= Emile St. Godard =

Canadian dog musher (1905–1948) Sorel, Québec

Emile St. Godard (15 August 1905 – 26 March 1948) was a Canadian dog musher and dog sled racer from Winnipeg, Manitoba. He was a renowned musher in the 1920s and 1930s, with much of his fame derived from racing Leonard Seppala and his victory in the demonstration race at the 1932 Winter Olympics at Lake Placid, New York. In 1956 he became the only dog sled racer to be entered into Canada's Sports Hall of Fame.

==Racing career==
Following his family's move from Fisher Branch to The Pas in 1916, St. Godard's brother began training a dog team however the family felt he was too young to race. In 1924 he won his first race, around the streets of his home town.

St. Godard's first major win was The Pas Dog Derby in 1925, which was one of the world's premier dog sled races during this period.

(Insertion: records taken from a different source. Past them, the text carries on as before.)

lemma ptrans_kron_prod_mult:
  fixes A C :: "nat \<Rightarrow> 'a::comm_ring_1 mat"
  assumes A: "\<And>k. k < d \<Longrightarrow> A k \<in> carrier_mat n n"
    and C: "\<And>k. k < d \<Longrightarrow> C k \<in> carrier_mat n n"
    and M: "M \<in> carrier_mat (n ^ d) (n ^ d)"
  shows "ptrans n d \<kappa> (kron_prod d A * M * kron_prod d C)
    = kron_prod d (\<lambda>k. if k \<in> \<kappa> then transpose_mat (C k) else A k) * ptrans n d \<kappa> M
        * kron_prod d (\<lambda>k. if k \<in> \<kappa> then transpose_mat (A k) else C k)"
    (is "_ = kron_prod d ?A' * _ * kron_prod d ?C'")
proof (rule mat_eq_of_digitsI)
  have A': "\<And>k. k < d \<Longrightarrow> ?A' k \<in> carrier_mat n n" and C': "\<And>k. k < d \<Longrightarrow> ?C' k \<in> carrier_mat n n"
    using A C by auto
  then show "kron_prod d ?A' * ptrans n d \<kappa> M * kron_prod d ?C' \<in> carrier_mat (n ^ d) (n ^ d)"
    using kron_prod_carrier[OF A'] kron_prod_carrier[OF C'] ptrans_carrier[of n d \<kappa> M]
    by (meson mult_carrier_mat)
  show "ptrans n d \<kappa> (kron_prod d A * M * kron_prod d C) \<in> carrier_mat (n ^ d) (n ^ d)"
    by (rule ptrans_carrier)
  fix x y assume x: "x \<in> multi_indices n d" and y: "y \<in> multi_indices n d"
  let ?I = "multi_indices n d"
  let ?od = "of_digits n d"
  define summand where "summand = (\<lambda>c e. (\<Prod>k<d. A k $$ (override_on x y \<kappa> k, c k)
    * C k $$ (e k, override_on y x \<kappa> k)) * M $$ (?od c, ?od e))"
  have "ptrans n d \<kappa> (kron_prod d A * M * kron_prod d C) $$ (?od x, ?od y)
      = (\<Sum>(c, e)\<in>?I \<times> ?I. summand c e)"
    unfolding summand_def using x y
    by (simp add: ptrans_index_of_digits index_kron_prod_mult_kron_prod[OF A C M] override_on_PiE)
  also have "\<dots> = (\<Sum>(f, g)\<in>?I \<times> ?I. summand (override_on f g \<kappa>) (override_on g f \<kappa>))"
    by (rule sum_override_on_swap[symmetric]) (rule override_on_PiE)
  also have "\<dots> = (\<Sum>(f, g)\<in>?I \<times> ?I. (\<Prod>k<d. ?A' k $$ (x k, f k) * ?C' k $$ (g k, y k))
      * ptrans n d \<kappa> M $$ (?od f, ?od g))"
  proof (rule sum.cong[OF refl], clarify)
    fix f g assume f: "f \<in> ?I" and g: "g \<in> ?I"
    have "A k $$ (override_on x y \<kappa> k, override_on f g \<kappa> k) * C k $$ (override_on g f \<kappa> k, override_on y x \<kappa> k)
        = ?A' k $$ (x k, f k) * ?C' k $$ (g k, y k)" if "k < d" for k
      using A[OF that] C[OF that] multi_indices_less[OF x that] multi_indices_less[OF y that]
        multi_indices_less[OF f that] multi_indices_less[OF g that]
      by (cases "k \<in> \<kappa>") (auto simp: ac_simps)
    then show "summand (override_on f g \<kappa>) (override_on g f \<kappa>)
      = (\<Prod>k<d. ?A' k $$ (x k, f k) * ?C' k $$ (g k, y k)) * ptrans n d \<kappa> M $$ (?od f, ?od g)"
      unfolding summand_def by (simp add: ptrans_index_of_digits[OF f g])
  qed
  also have "\<dots> = (kron_prod d ?A' * ptrans n d \<kappa> M * kron_prod d ?C') $$ (?od x, ?od y)"
    by (rule index_kron_prod_mult_kron_prod[OF A' C' ptrans_carrier x y, symmetric])
  finally show "ptrans n d \<kappa> (kron_prod d A * M * kron_prod d C) $$ (?od x, ?od y)
      = (kron_prod d ?A' * ptrans n d \<kappa> M * kron_prod d ?C') $$ (?od x, ?od y)" .
qed

section \<open>Invertibility and rank\<close>

lemma invertible_mat_iff_right_inverse:
  fixes A :: "'a::field mat"
  assumes A: "A \<in> carrier_mat n n"
  shows "invertible_mat A \<longleftrightarrow> (\<exists>B\<in>carrier_mat n n. A * B = 1\<^sub>m n)"
proof
  assume "invertible_mat A"
  then obtain B where AB: "A * B = 1\<^sub>m n" and BA: "B * A = 1\<^sub>m (dim_row B)"
    using A unfolding invertible_mat_def inverts_mat_def by auto
  have "B \<in> carrier_mat n n"
    using arg_cong[OF AB, of dim_col] arg_cong[OF BA, of dim_col] A by auto
  then show "\<exists>B\<in>carrier_mat n n. A * B = 1\<^sub>m n"
    using AB by blast
next
  assume "\<exists>B\<in>carrier_mat n n. A * B = 1\<^sub>m n"
  then obtain B where B: "B \<in> carrier_mat n n" and AB: "A * B = 1\<^sub>m n"
    by blast
  then have "B * A = 1\<^sub>m n"
    by (rule mat_mult_left_right_inverse[OF A])
  then show "invertible_mat A"
    using A B AB unfolding invertible_mat_def inverts_mat_def by auto
qed

lemma invertible_mat_one: "invertible_mat (1\<^sub>m n :: 'a::field mat)"
proof -
  have "1\<^sub>m n * 1\<^sub>m n = (1\<^sub>m n :: 'a mat)"
    by simp
  then show ?thesis
    using invertible_mat_iff_right_inverse[OF one_carrier_mat] one_carrier_mat by blast
qed

lemma invertible_mat_transpose:
  fixes A :: "'a::field mat"
  assumes A: "A \<in> carrier_mat n n" and inv: "invertible_mat A"
  shows "invertible_mat (transpose_mat A)"
proof -
  obtain B where B: "B \<in> carrier_mat n n" and AB: "A * B = 1\<^sub>m n"
    using inv invertible_mat_iff_right_inverse[OF A] by blast
  have "transpose_mat A * transpose_mat B = transpose_mat (B * A)"
    using A B by (simp add: transpose_mult)
  also have "\<dots> = 1\<^sub>m n"
    using mat_mult_left_right_inverse[OF A B AB] by simp
  finally show ?thesis
    using B A invertible_mat_iff_right_inverse[of "transpose_mat A" n] by auto
qed
lemma Z_matrix_diagm_add: "Z_matrix M \<Longrightarrow> Z_matrix (diagm d + M)"
  by (simp add: Z_matrix_def diagm_def)

lemma weighted_laplacian_offdiag_nonpos: "weighted_laplacian B \<Longrightarrow> m \<noteq> n \<Longrightarrow> B $ m $ n \<le> 0"
  by (simp add: weighted_laplacian_def)

lemma weighted_laplacian_Z_matrix_blk_LL: "weighted_laplacian B \<Longrightarrow> Z_matrix (blk_LL B)"
  by (simp add: Z_matrix_def blk_LL_def weighted_laplacian_offdiag_nonpos)

lemma diagm_mult_vec [simp]: "diagm d *v x = d * x"
  by (simp add: vec_eq_iff diagm_def matrix_vector_mult_def if_distrib[of "\<lambda>a. a * _"] cong: if_cong)

lemma bounded_bilinear_vec_mult: "bounded_bilinear ((*) :: real^'n \<Rightarrow> real^'n \<Rightarrow> real^'n)"
  using bilinear_times bilinear_conv_bounded_bilinear by blast

lemma bounded_linear_qL_of: "bounded_linear qL_of"
  unfolding linear_conv_bounded_linear[symmetric]
  by (rule linearI) (simp_all add: qL_of_def vec_eq_iff)

lemma bounded_linear_vG_of: "bounded_linear vG_of"
  unfolding linear_conv_bounded_linear[symmetric]
  by (rule linearI) (simp_all add: vG_of_def vec_eq_iff)

lemma power_flow_linearization:
  fixes B :: "real^('g::finite + 'l::finite)^('g + 'l)"
    and F :: "real^('l + 'g) \<Rightarrow> real^'l"
  assumes "open U" and "u0 \<in> U"
    and model: "\<And>u. u \<in> U \<Longrightarrow> qL_of u = F u * (blk_LG B *v vG_of u + blk_LL B *v F u)"
    and F': "(F has_derivative (*v) J) (at u0)"
  shows "qL_of h = F u0 * (blk_LG B *v vG_of h + blk_LL B *v (J *v h))
                   + (J *v h) * (blk_LG B *v vG_of u0 + blk_LL B *v F u0)"
proof -
  have "((\<lambda>u. blk_LG B *v vG_of u + blk_LL B *v F u) has_derivative
          (\<lambda>h. blk_LG B *v vG_of h + blk_LL B *v (J *v h))) (at u0)"
    by (intro has_derivative_add
        bounded_linear.has_derivative[OF matrix_vector_mul_bounded_linear F']
        bounded_linear.has_derivative[OF matrix_vector_mul_bounded_linear
          bounded_linear_imp_has_derivative[OF bounded_linear_vG_of]])
  from bounded_bilinear.FDERIV[OF bounded_bilinear_vec_mult F' this]
  have "((\<lambda>u. F u * (blk_LG B *v vG_of u + blk_LL B *v F u)) has_derivative
          (\<lambda>h. F u0 * (blk_LG B *v vG_of h + blk_LL B *v (J *v h))
               + (J *v h) * (blk_LG B *v vG_of u0 + blk_LL B *v F u0))) (at u0)" .
  then have "(qL_of has_derivative
          (\<lambda>h. F u0 * (blk_LG B *v vG_of h + blk_LL B *v (J *v h))
               + (J *v h) * (blk_LG B *v vG_of u0 + blk_LL B *v F u0))) (at u0)"
    by (rule has_derivative_transform_within_open[OF _ \<open>open U\<close> \<open>u0 \<in> U\<close>])
      (simp add: model)
  from has_derivative_unique[OF bounded_linear_imp_has_derivative[OF bounded_linear_qL_of] this]
  show ?thesis
    by (simp add: fun_eq_iff)
qed

lemma power_flow_sensitivity_identity:
  assumes v_pos: "\<And>i. 0 < v $ i" and q: "q = v * w"
    and dq: "dq = v * (G *v dg + L *v x) + x * w"
  shows "(diagm (\<chi> i. q $ i / (v $ i)^2) + L) *v x = (\<chi> i. dq $ i / v $ i) - G *v dg"
proof -
  have "q $ i / (v $ i)^2 * x $ i + (L *v x) $ i = dq $ i / v $ i - (G *v dg) $ i" for i
    using v_pos[of i] by (simp add: q dq field_simps power2_eq_square)
  then show ?thesis
    by (simp add: vec_eq_iff matrix_vector_mult_add_rdistrib)
qed

theorem proposition1:
  fixes B :: "real^('g::finite + 'l::finite)^('g + 'l)"
    and F :: "real^('l + 'g) \<Rightarrow> real^'l"
    and U :: "(real^('l + 'g)) set"
    and u0 :: "real^('l + 'g)"
  assumes lap: "weighted_laplacian B"
    and U_open: "open U" and u0U: "u0 \<in> U"
    and pos: "\<forall>u\<in>U. \<forall>i. F u $ i > 0"
    and model: "\<forall>u\<in>U. qL_of u =
                   diagm (F u) *v (blk_LG B *v vG_of u + blk_LL B *v F u)"
    and diff: "F differentiable (at u0)"
    and cond: "eig_pos (diagm (\<chi> i. qL_of u0 $ i / (F u0 $ i)^2) + blk_LL B)"
  shows "\<forall>i j. jacobian F (at u0) $ i $ j \<ge> 0"
proof (intro allI)
  fix i k
  define M where "M = diagm (\<chi> i. qL_of u0 $ i / (F u0 $ i)^2) + blk_LL B"
  define J where "J = jacobian F (at u0)"
  define h :: "real^('l + 'g)" where "h = axis k 1"
  define x where "x = J *v h"
  have "(F has_derivative (*v) J) (at u0)"
    using diff jacobian_works unfolding J_def by blast
  with model U_open u0U have "qL_of h = F u0 * (blk_LG B *v vG_of h + blk_LL B *v x)
                   + x * (blk_LG B *v vG_of u0 + blk_LL B *v F u0)"
    unfolding x_def by (intro power_flow_linearization) auto
  with pos u0U model have "M *v x = (\<chi> i. qL_of h $ i / F u0 $ i) - blk_LG B *v vG_of h"
    unfolding M_def by (intro power_flow_sensitivity_identity) simp_all
  moreover have "0 \<le> qL_of h $ j / F u0 $ j" for j
    using pos u0U by (simp add: h_def qL_of_def axis_def less_imp_le)
  moreover have "(blk_LG B *v vG_of h) $ j \<le> 0" for j
    unfolding matrix_vector_mult_def
    by (auto simp: blk_LG_def vG_of_def h_def axis_def
        intro!: sum_nonpos weighted_laplacian_offdiag_nonpos[OF lap])
  ultimately have "0 \<le> M *v x"
    unfolding less_eq_vec_def using order.trans by fastforce
  moreover have "Z_matrix M"
    unfolding M_def by (intro Z_matrix_diagm_add weighted_laplacian_Z_matrix_blk_LL lap)
  ultimately have "0 \<le> x"
    using Z_matrix_eig_pos_inverse_nonneg cond unfolding M_def by blast
  then show "0 \<le> J $ i $ k"
    by (simp add: x_def h_def matrix_vector_mult_basis column_def less_eq_vec_def)
qed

He won this race five times in a row until 1929. He would lose the 1930 race to Earl Brydges by twelve and a half minutes after coming in with three tired dogs on his sled.

Following his victory in the dog derby at Ottawa's first Winter Carnival in February 1930, he was presented with a gold challenge cup and a cheque for one thousand dollars by Mayor Frank H. Plant at a lavish reception in the Château Laurier. He dominated the field for so long that fans often referred to the races at the time as "St. Godard against the field".

He received a citation from the Canadian Federation of Humane Societies for his kindness and concern for his dogs. His lead dog, Toby, was a husky-greyhound cross and was such an integral part of St. Goddard's crew that when Toby could no longer race, St. Goddard retired also.

Posthumously in 1956 he was inducted posthumously into Canada's Sports Hall of Fame, and in 2007 into the Manitoba Sports Hall of Fame. He remains the only dog sled racer to be recognised by either the national or provincial awards.

===Rivalry with Leonard Seppala===
Seppala and St. Godard faced each other annually at the Eastern International Dog Derby in Quebec. Over six years, St. Godard would win the race four times, and Seppala twice. The duo also faced off in a variety of other races over the years, during which St. Godard won the majority of the races.

===Olympic games===

Dog sledding was included as an exhibition sport at the 1932 Winter Olympics. There were twelve competitors from both the United States and Canada. St. Godard and Seppala would place first and second overall, with St. Godard taking the victory after winning both of the 50-mile races involved. Following his rival's victory, Seppala acknowledged his rival's superiority and didn't compete with him afterwards.